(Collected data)

(* Let $|\psi\rangle_{AB}$ and $|\varphi\rangle_{AB}$ be pure states on finite-dimensional registers $A,B$, let $\rho_A=\mathrm{Tr}_B|\psi\rangle\langle\psi|$ and $\sigma_A=\mathrm{Tr}_B|\varphi\rangle\langle\varphi|$, let $\eta\ge 0$, and let $W=\mathrm{sgn}_\eta(\mathrm{Tr}_A(|\varphi\rangle\langle\psi|))$ be the canonical Uhlmann partial isometry with cutoff $\eta$ for $(|\psi\rangle,|\varphi\rangle)$. Then: (1) $W$ is a partial isometry on $B$; (2) $|\langle\varphi|(\mathrm{id}_A\otimes W)|\psi\rangle|^2\ \ge\ \mathrm{F}(\rho_A,\sigma_A)-2\eta\dim(B)$; (3) (minimality) for every partial isometry $R$ on $B$ with $\mathrm{F}(\rho_A,\sigma_A)=|\langle\varphi|(\mathrm{id}_A\otimes R)|\psi\rangle|^2$, we have $W^\dagger W\le R^\dagger R$ in the positive semidefinite order.
   Context: Fidelity is $\mathrm{F}(\rho,\sigma)=\|\sqrt{\rho}\sqrt{\sigma}\|_1^2$ (squared convention). A linear map $U:A\to B$ is a partial isometry if $U=\tilde U\Pi$ for a projector $\Pi$ on $A$ and an isometry $\tilde U$. For $\eta\ge 0$ and an operator $K$ with singular value decomposition $K=U\Sigma V^\dagger$, define $\mathrm{sgn}_\eta(K)=U\,\mathrm{sgn}_\eta(\Sigma)V^\dagger$, where $\mathrm{sgn}_\eta(\Sigma)$ is the projector onto the span of the eigenvectors of $\Sigma$ with eigenvalue strictly greater than $\eta$. The canonical Uhlmann partial isometry with cutoff $\eta$ for a pair of pure states $(|\psi\rangle_{AB},|\varphi\rangle_{AB})$ is the operator $\mathrm{sgn}_\eta(\mathrm{Tr}_A(|\varphi\rangle\langle\psi|))$ on $B$. *)

theory Defs
  imports Complex_Main
begin

text \<open>Registers are finite types; a vector on register 'i is a function 'i \<Rightarrow> complex;
  an operator from register 'j to register 'i is a matrix M :: 'i \<Rightarrow> 'j \<Rightarrow> complex
  (entry M i j = row i, column j) with respect to the computational bases.
  The bipartite register AB is the product type 'a \<times> 'b.\<close>

type_synonym ('i, 'j) cmat = "'i \<Rightarrow> 'j \<Rightarrow> complex"

definition mmult :: "('i, 'j::finite) cmat \<Rightarrow> ('j, 'k) cmat \<Rightarrow> ('i, 'k) cmat" (infixl "**" 70) where
  "M ** N = (\<lambda>i k. \<Sum>j\<in>UNIV. M i j * N j k)"

definition adj :: "('i, 'j) cmat \<Rightarrow> ('j, 'i) cmat" where
  "adj M = (\<lambda>i j. cnj (M j i))"

definition idm :: "('i, 'i) cmat" where
  "idm = (\<lambda>i j. if i = j then 1 else 0)"

definition mtrace :: "('i::finite, 'i) cmat \<Rightarrow> complex" where
  "mtrace M = (\<Sum>i\<in>UNIV. M i i)"

definition psd :: "('i::finite, 'i) cmat \<Rightarrow> bool" where
  "psd M \<longleftrightarrow> (\<forall>v::'i \<Rightarrow> complex.
      let q = (\<Sum>i\<in>UNIV. \<Sum>j\<in>UNIV. cnj (v i) * M i j * v j) in Im q = 0 \<and> Re q \<ge> 0)"

definition psd_le :: "('i::finite, 'i) cmat \<Rightarrow> ('i, 'i) cmat \<Rightarrow> bool" where
  "psd_le M N \<longleftrightarrow> psd (\<lambda>i j. N i j - M i j)"

definition msqrt :: "('i::finite, 'i) cmat \<Rightarrow> ('i, 'i) cmat" where
  "msqrt M = (THE S. psd S \<and> S ** S = M)"

definition trace_norm :: "('i::finite, 'j::finite) cmat \<Rightarrow> real" where
  "trace_norm K = Re (mtrace (msqrt (adj K ** K)))"

text \<open>Fidelity, squared convention.\<close>
definition fidelity :: "('i::finite, 'i) cmat \<Rightarrow> ('i, 'i) cmat \<Rightarrow> real" where
  "fidelity \<rho> \<sigma> = (trace_norm (msqrt \<rho> ** msqrt \<sigma>)) ^ 2"

definition isometry :: "('i::finite, 'j::finite) cmat \<Rightarrow> bool" where
  "isometry U \<longleftrightarrow> adj U ** U = idm"

definition unitary :: "('i::finite, 'i) cmat \<Rightarrow> bool" where
  "unitary U \<longleftrightarrow> adj U ** U = idm \<and> U ** adj U = idm"

definition projector :: "('i::finite, 'i) cmat \<Rightarrow> bool" where
  "projector P \<longleftrightarrow> adj P = P \<and> P ** P = P"

definition partial_isometry :: "('i::finite, 'j::finite) cmat \<Rightarrow> bool" where
  "partial_isometry U \<longleftrightarrow> (\<exists>(Ut :: ('i, 'j) cmat) P. isometry Ut \<and> projector P \<and> U = Ut ** P)"

definition is_svd :: "('i::finite, 'i) cmat \<Rightarrow> ('i, 'i) cmat \<Rightarrow> ('i, 'i) cmat \<Rightarrow> ('i, 'i) cmat \<Rightarrow> bool" where
  "is_svd K U S V \<longleftrightarrow> unitary U \<and> unitary V
     \<and> (\<forall>i j. i \<noteq> j \<longrightarrow> S i j = 0) \<and> (\<forall>i. Im (S i i) = 0 \<and> Re (S i i) \<ge> 0)
     \<and> K = U ** S ** adj V"

definition sgn_eta :: "real \<Rightarrow> ('i::finite, 'i) cmat \<Rightarrow> ('i, 'i) cmat" where
  "sgn_eta \<eta> K = (SOME W. \<exists>U S V. is_svd K U S V \<and>
      W = U ** (\<lambda>i j. if i = j \<and> Re (S i i) > \<eta> then 1 else 0) ** adj V)"

definition pure_state :: "('i::finite \<Rightarrow> complex) \<Rightarrow> bool" where
  "pure_state \<psi> \<longleftrightarrow> (\<Sum>x\<in>UNIV. (cmod (\<psi> x))\<^sup>2) = 1"

definition ketbra :: "('i \<Rightarrow> complex) \<Rightarrow> ('j \<Rightarrow> complex) \<Rightarrow> ('i, 'j) cmat" where
  "ketbra \<phi> \<psi> = (\<lambda>i j. \<phi> i * cnj (\<psi> j))"

definition ptrace_B :: "('a \<times> 'b::finite, 'a \<times> 'b) cmat \<Rightarrow> ('a, 'a) cmat" where
  "ptrace_B M = (\<lambda>a a'. \<Sum>b\<in>UNIV. M (a, b) (a', b))"

definition ptrace_A :: "('a::finite \<times> 'b, 'a \<times> 'b) cmat \<Rightarrow> ('b, 'b) cmat" where
  "ptrace_A M = (\<lambda>b b'. \<Sum>a\<in>UNIV. M (a, b) (a, b'))"

definition id_tensor :: "('b, 'b) cmat \<Rightarrow> ('a \<times> 'b, 'a \<times> 'b) cmat" where
  "id_tensor R = (\<lambda>(a, b) (a', b'). if a = a' then R b b' else 0)"

definition sandwich :: "('i::finite \<Rightarrow> complex) \<Rightarrow> ('i, 'j::finite) cmat \<Rightarrow> ('j \<Rightarrow> complex) \<Rightarrow> complex" where
  "sandwich \<phi> M \<psi> = (\<Sum>i\<in>UNIV. \<Sum>j\<in>UNIV. cnj (\<phi> i) * M i j * \<psi> j)"

end

theory Submission imports Defs "HOL-Analysis.Analysis" begin

text \<open>Read the bipartite vectors as \<open>A \<times> B\<close> matrices \<open>\<Psi>, \<Phi>\<close>. Then \<open>\<rho> = \<Psi>\<Psi>\<^sup>\<dagger>\<close>, \<open>\<sigma> = \<Phi>\<Phi>\<^sup>\<dagger>\<close>, and
  \<open>K = Tr\<^sub>A |\<phi>\<rangle>\<langle>\<psi>|\<close> is the entrywise conjugate of \<open>\<Phi>\<^sup>\<dagger>\<Psi>\<close>, so \<open>\<surd>F(\<rho>,\<sigma>) = \<parallel>\<surd>\<rho>\<surd>\<sigma>\<parallel>\<^sub>1 = \<parallel>K\<parallel>\<^sub>1 = \<Sigma> s\<^sub>i\<close>
  for a singular value decomposition \<open>K = U diag(s) V\<^sup>\<dagger>\<close>. For every \<open>R\<close> on \<open>B\<close>,
  \<open>\<langle>\<phi>|(id \<otimes> R)|\<psi>\<rangle> = Tr(R K\<^sup>\<dagger>) = \<Sigma> s\<^sub>i \<langle>u\<^sub>i, R v\<^sub>i\<rangle>\<close>. For \<open>W = U diag(1[s\<^sub>i > \<eta>]) V\<^sup>\<dagger>\<close> this is
  \<open>\<Sigma> {s\<^sub>i | s\<^sub>i > \<eta>} \<ge> \<Sigma> s\<^sub>i - \<eta> dim B\<close>, and \<open>\<Sigma> s\<^sub>i \<le> 1\<close> turns this into the fidelity bound. If a
  partial isometry \<open>R\<close> attains \<open>\<Sigma> s\<^sub>i\<close>, every term with \<open>s\<^sub>i > 0\<close> has \<open>|\<langle>u\<^sub>i, R v\<^sub>i\<rangle>| = 1\<close>, which forces
  \<open>R\<^sup>\<dagger>R v\<^sub>i = v\<^sub>i\<close>; that is \<open>W\<^sup>\<dagger>W \<le> R\<^sup>\<dagger>R\<close>.\<close>

no_notation matrix_matrix_mult (infixl "**" 70)
(* The following problem is decidable: given a finite alphabet $\mathcal{A}$, a finite set $\mathcal{F}$ of finite patterns on $\mathbb{Z}^d$, and $T\in\mathbb{N}$, does player $A$ have a strategy to win the game $\Gamma(\mathcal{A},\mathcal{F},\mathbb{Z}^d)$ in $T$ moves or less (i.e. is the game value of $\Gamma(\mathcal{A},\mathcal{F},\mathbb{Z}^d)$ at most $T$)?
   Context: Fix $d\ge 1$. A pattern is $p=(S,f)$ with $S\subseteq\mathbb{Z}^d$ and $f\in\mathcal{A}^S$. A finite pattern $q=(S',g)$ appears in $p=(S,f)$ if there is $v\in\mathbb{Z}^d$ with $v+S'\subseteq S$ and $f(v+j)=g(j)$ for all $j\in S'$. The Domino game $\Gamma(\mathcal{A},\mathcal{F},E)$ for $E\subseteq\mathbb{Z}^d$: players $A$ and $B$ alternate turns, $A$ first, starting from the empty pattern; on a turn the current player passes or colours one uncoloured cell of $E$ with a colour of $\mathcal{A}$. A position $(p,\rho)$ is final if a pattern of $\mathcal{F}$ appears in $p$, and then $A$ wins; $B$ wins if no final position occurs. Values are defined inductively: a final position has value $0$; a position with $A$ to move that has a move to a position winning for $A$ is winning for $A$ with value $1+\min$ of the values of such successors; a position with $B$ to move all of whose successors are winning for $A$ is winning for $A$ with value $1+\sup$ of the successor values. "$A$ wins in $T$ moves or less" means the initial position (empty pattern, $A$ to move) is winning for $A$ with value $\le T$, i.e. $A$ has a strategy guaranteeing a final position within $T$ turns (turns of both players counted). *)

theory Defs
  imports Main "HOL-Library.Nat_Bijection"
begin

datatype recf = Zero | Succ | Proj nat | Comp recf "recf list" | Prec recf recf | Mn recf

inductive eval :: "recf \<Rightarrow> nat list \<Rightarrow> nat \<Rightarrow> bool" where
  zero: "eval Zero xs 0"
| succ: "eval Succ (x # xs) (Suc x)"
| proj: "i < length xs \<Longrightarrow> eval (Proj i) xs (xs ! i)"
| comp: "list_all2 (\<lambda>g y. eval g xs y) gs ys \<Longrightarrow> eval f ys z \<Longrightarrow> eval (Comp f gs) xs z"
| prec0: "eval f xs y \<Longrightarrow> eval (Prec f g) (0 # xs) y"
| precS: "eval (Prec f g) (n # xs) y \<Longrightarrow> eval g (n # y # xs) z \<Longrightarrow> eval (Prec f g) (Suc n # xs) z"
| mn: "eval f (n # xs) 0 \<Longrightarrow> (\<forall>m<n. \<exists>y. eval f (m # xs) y \<and> 0 < y) \<Longrightarrow> eval (Mn f) xs n"

definition decidable :: "(nat \<Rightarrow> bool) \<Rightarrow> bool" where
  "decidable P \<longleftrightarrow> (\<exists>f. \<forall>n. eval f [n] (if P n then 1 else 0))"

text \<open>Cells of Z^d are integer lists of length d; colours are natural numbers; the alphabet is
given as a list of colours.\<close>

type_synonym cell = "int list"
type_synonym fpattern = "(cell \<times> nat) list"
type_synonym position = "cell \<Rightarrow> nat option"

definition vadd :: "cell \<Rightarrow> cell \<Rightarrow> cell" where
  "vadd v j = map2 (+) v j"

definition wf_fpattern :: "nat \<Rightarrow> fpattern \<Rightarrow> bool" where
  "wf_fpattern d q \<longleftrightarrow> (\<forall>(j, c) \<in> set q. length j = d) \<and> distinct (map fst q)"

definition appears :: "nat \<Rightarrow> fpattern \<Rightarrow> position \<Rightarrow> bool" where
  "appears d q p \<longleftrightarrow> (\<exists>v. length v = d \<and> (\<forall>(j, c) \<in> set q. p (vadd v j) = Some c))"

definition final :: "nat \<Rightarrow> fpattern list \<Rightarrow> position \<Rightarrow> bool" where
  "final d F p \<longleftrightarrow> (\<exists>q \<in> set F. appears d q p)"

definition move :: "nat \<Rightarrow> nat list \<Rightarrow> position \<Rightarrow> position \<Rightarrow> bool" where
  "move d Al p p' \<longleftrightarrow> p' = p \<or>
     (\<exists>x c. length x = d \<and> p x = None \<and> c \<in> set Al \<and> p' = p(x \<mapsto> c))"

text \<open>wins_within d Al F n p a: the position (p, player to move), where a = True means
player A is to move, is winning for A with value at most n.\<close>
fun wins_within :: "nat \<Rightarrow> nat list \<Rightarrow> fpattern list \<Rightarrow> nat \<Rightarrow> position \<Rightarrow> bool \<Rightarrow> bool" where
  "wins_within d Al F 0 p a = final d F p"
| "wins_within d Al F (Suc n) p a =
     (final d F p \<or>
      (a \<and> (\<exists>p'. move d Al p p' \<and> wins_within d Al F n p' False)) \<or>
      (\<not> a \<and> (\<forall>p'. move d Al p p' \<longrightarrow> wins_within d Al F n p' True)))"

definition A_wins_in :: "nat \<Rightarrow> nat list \<Rightarrow> fpattern list \<Rightarrow> nat \<Rightarrow> bool" where
  "A_wins_in d Al F T \<longleftrightarrow> wins_within d Al F T Map.empty True"

definition encode_cell :: "cell \<Rightarrow> nat" where
  "encode_cell v = list_encode (map int_encode v)"

definition encode_fpattern :: "fpattern \<Rightarrow> nat" where
  "encode_fpattern q = list_encode (map (\<lambda>(v, c). prod_encode (encode_cell v, c)) q)"

definition encode_instance :: "nat list \<Rightarrow> fpattern list \<Rightarrow> nat \<Rightarrow> nat" where
  "encode_instance Al F T =
     prod_encode (list_encode Al, prod_encode (list_encode (map encode_fpattern F), T))"
lemma covar_inner_right:
  fixes X :: "'a \<Rightarrow> real^'p"
  assumes "prob_space M" "square_integrable M U"
    and "X \<in> borel_measurable M" "integrable M (\<lambda>\<omega>. (norm (X \<omega>))^2)"
  shows "covar M U (\<lambda>\<omega>. X \<omega> \<bullet> b) = cov_sv M U X \<bullet> b"
proof -
  interpret prob_space M by fact
  have comp: "square_integrable M (\<lambda>\<omega>. X \<omega> $ i)" for i
    using square_integrable_inner[OF assms(3,4), of "axis i 1"] by (simp add: cart_eq_inner_axis)
  have int: "integrable M (\<lambda>\<omega>. X \<omega> $ i)" "integrable M (\<lambda>\<omega>. U \<omega> * X \<omega> $ i)" for i
    using comp assms(2) integrable_if_square_integrable integrable_mult_if_square_integrable
    by blast+
  have "covar M U (\<lambda>\<omega>. X \<omega> \<bullet> b)
      = (\<integral>\<omega>. (\<Sum>i\<in>UNIV. b $ i * (U \<omega> * X \<omega> $ i)) \<partial>M)
        - (\<integral>\<omega>. U \<omega> \<partial>M) * (\<integral>\<omega>. (\<Sum>i\<in>UNIV. b $ i * X \<omega> $ i) \<partial>M)"
    using covar_eq_integral_mult[OF assms(1,2) square_integrable_inner[OF assms(3,4)]]
    by (simp add: inner_vec_def sum_distrib_left algebra_simps)
  also have "\<dots> = (\<Sum>i\<in>UNIV. b $ i * (\<integral>\<omega>. U \<omega> * X \<omega> $ i \<partial>M))
        - (\<integral>\<omega>. U \<omega> \<partial>M) * (\<Sum>i\<in>UNIV. b $ i * (\<integral>\<omega>. X \<omega> $ i \<partial>M))"
    using int by (simp add: Bochner_Integration.integral_sum)
  also have "\<dots> = (\<Sum>i\<in>UNIV. b $ i * covar M U (\<lambda>\<omega>. X \<omega> $ i))"
    by (simp add: covar_eq_integral_mult[OF assms(1,2) comp] sum_distrib_left
        sum_subtractf algebra_simps)
  finally show ?thesis
    by (simp add: cov_sv_def inner_vec_def mult.commute)
qed
(* Let $t,k\ge2$ be integers with $(t+1)\mid(k+1)$. Then $N(tk+i,k)=N(tk-i,k)=t-i$ for every integer $0\le i\le t$.
   Context: For $n>k\ge1$, $N(n,k)$ is the nullity of the $n\times n$ skew-symmetric Toeplitz matrix $A(n,k)$ whose first $k$ superdiagonals have all entries $1$ and whose remaining superdiagonals have all entries $0$. This nullity depends only on $n\bmod (k^2+k)$, and $N(n,k)$ is defined for every integer $n$ as $N(n',k)$ for any $n'>k$ with $n'\equiv n\pmod{k^2+k}$. *)

theory Defs
  imports "Jordan_Normal_Form.Matrix_Kernel"
begin

definition A_mat :: "nat \<Rightarrow> nat \<Rightarrow> real mat" where
  "A_mat n k = mat n n (\<lambda>(i, j).
      if i < j \<and> j - i \<le> k then 1
      else if j < i \<and> i - j \<le> k then -1
      else 0)"

definition nullity_A :: "nat \<Rightarrow> nat \<Rightarrow> nat" where
  "nullity_A n k = kernel_dim (A_mat n k)"

text \<open>N(n,k) for every integer n: for n > k it is the nullity of A(n,k); otherwise it is the
  nullity of A(n',k) for the representative n' = (n mod (k^2+k)) + (k^2+k) > k, which is
  congruent to n modulo k^2+k (per the context, the choice of n' does not matter).\<close>
definition N :: "int \<Rightarrow> nat \<Rightarrow> nat" where
  "N n k = (if n > int k then nullity_A (nat n) k
            else nullity_A (nat (n mod int (k^2 + k) + int (k^2 + k))) k)"
definition C2_on :: "pt set \<Rightarrow> (pt \<Rightarrow> real) \<Rightarrow> bool" where
  "C2_on U u \<longleftrightarrow> open U \<and> (\<forall>p\<in>U. u differentiable (at p))
     \<and> (\<forall>v. \<forall>p\<in>U. (\<lambda>q. pd u v q) differentiable (at p))
     \<and> (\<forall>v w. continuous_on U (\<lambda>q. pd (\<lambda>q'. pd u v q') w q))"

definition tco :: "pt \<Rightarrow> real" where "tco p = fst p"
definition x1co :: "pt \<Rightarrow> real" where "x1co p = fst (snd p)"
definition x2co :: "pt \<Rightarrow> real" where "x2co p = snd (snd p)"
definition rad :: "pt \<Rightarrow> real" where "rad p = sqrt ((x1co p)^2 + (x2co p)^2)"
definition hs :: "pt \<Rightarrow> real" where "hs p = sqrt ((tco p)^2 - (rad p)^2)"

definition wave :: "(pt \<Rightarrow> real) \<Rightarrow> pt \<Rightarrow> real" where
  "wave u p = pd (\<lambda>q. pd u e_t q) e_t p - pd (\<lambda>q. pd u e_1 q) e_1 p
              - pd (\<lambda>q. pd u e_2 q) e_2 p"

definition bar_s :: "(pt \<Rightarrow> real) \<Rightarrow> pt \<Rightarrow> real" where
  "bar_s u p = (hs p / tco p) * pd u e_t p"
definition bar_1 :: "(pt \<Rightarrow> real) \<Rightarrow> pt \<Rightarrow> real" where
  "bar_1 u p = (x1co p / tco p) * pd u e_t p + pd u e_1 p"
definition bar_2 :: "(pt \<Rightarrow> real) \<Rightarrow> pt \<Rightarrow> real" where
  "bar_2 u p = (x2co p / tco p) * pd u e_t p + pd u e_2 p"

definition Kop :: "(pt \<Rightarrow> real) \<Rightarrow> pt \<Rightarrow> real" where
  "Kop u p = hs p * bar_s u p + 2 * (x1co p * bar_1 u p + x2co p * bar_2 u p)"

text \<open>Point of the hyperboloid H_s above x = (y1, y2).\<close>
definition hyp :: "real \<Rightarrow> real \<times> real \<Rightarrow> pt" where
  "hyp s y = (sqrt (s^2 + (fst y)^2 + (snd y)^2), fst y, snd y)"

definition E_con :: "real \<Rightarrow> (pt \<Rightarrow> real) \<Rightarrow> real" where
  "E_con s u = integral UNIV (\<lambda>y::real \<times> real.
       (Kop u (hyp s y) + u (hyp s y))^2
     + (s * bar_1 u (hyp s y))^2 + (s * bar_2 u (hyp s y))^2)"

definition L2_hyp :: "real \<Rightarrow> (pt \<Rightarrow> real) \<Rightarrow> real" where
  "L2_hyp s f = sqrt (integral UNIV (\<lambda>y::real \<times> real. (f (hyp s y))^2))"

text \<open>Hyperbolic slab {t > 0, s0^2 <= t^2 - r^2 <= s1^2}; intersected with
  {t > r + 1} it is K_[s0,s1].\<close>
definition slab :: "real \<Rightarrow> real \<Rightarrow> pt set" where
  "slab s0 s1 = {p. tco p > 0 \<and> s0^2 \<le> (tco p)^2 - (rad p)^2 \<and> (tco p)^2 - (rad p)^2 \<le> s1^2}"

• [Exercise]: Tell how many lines of the entries above include "given". The answer should be the number and nothing more.

• [Solution to the exercise]: 2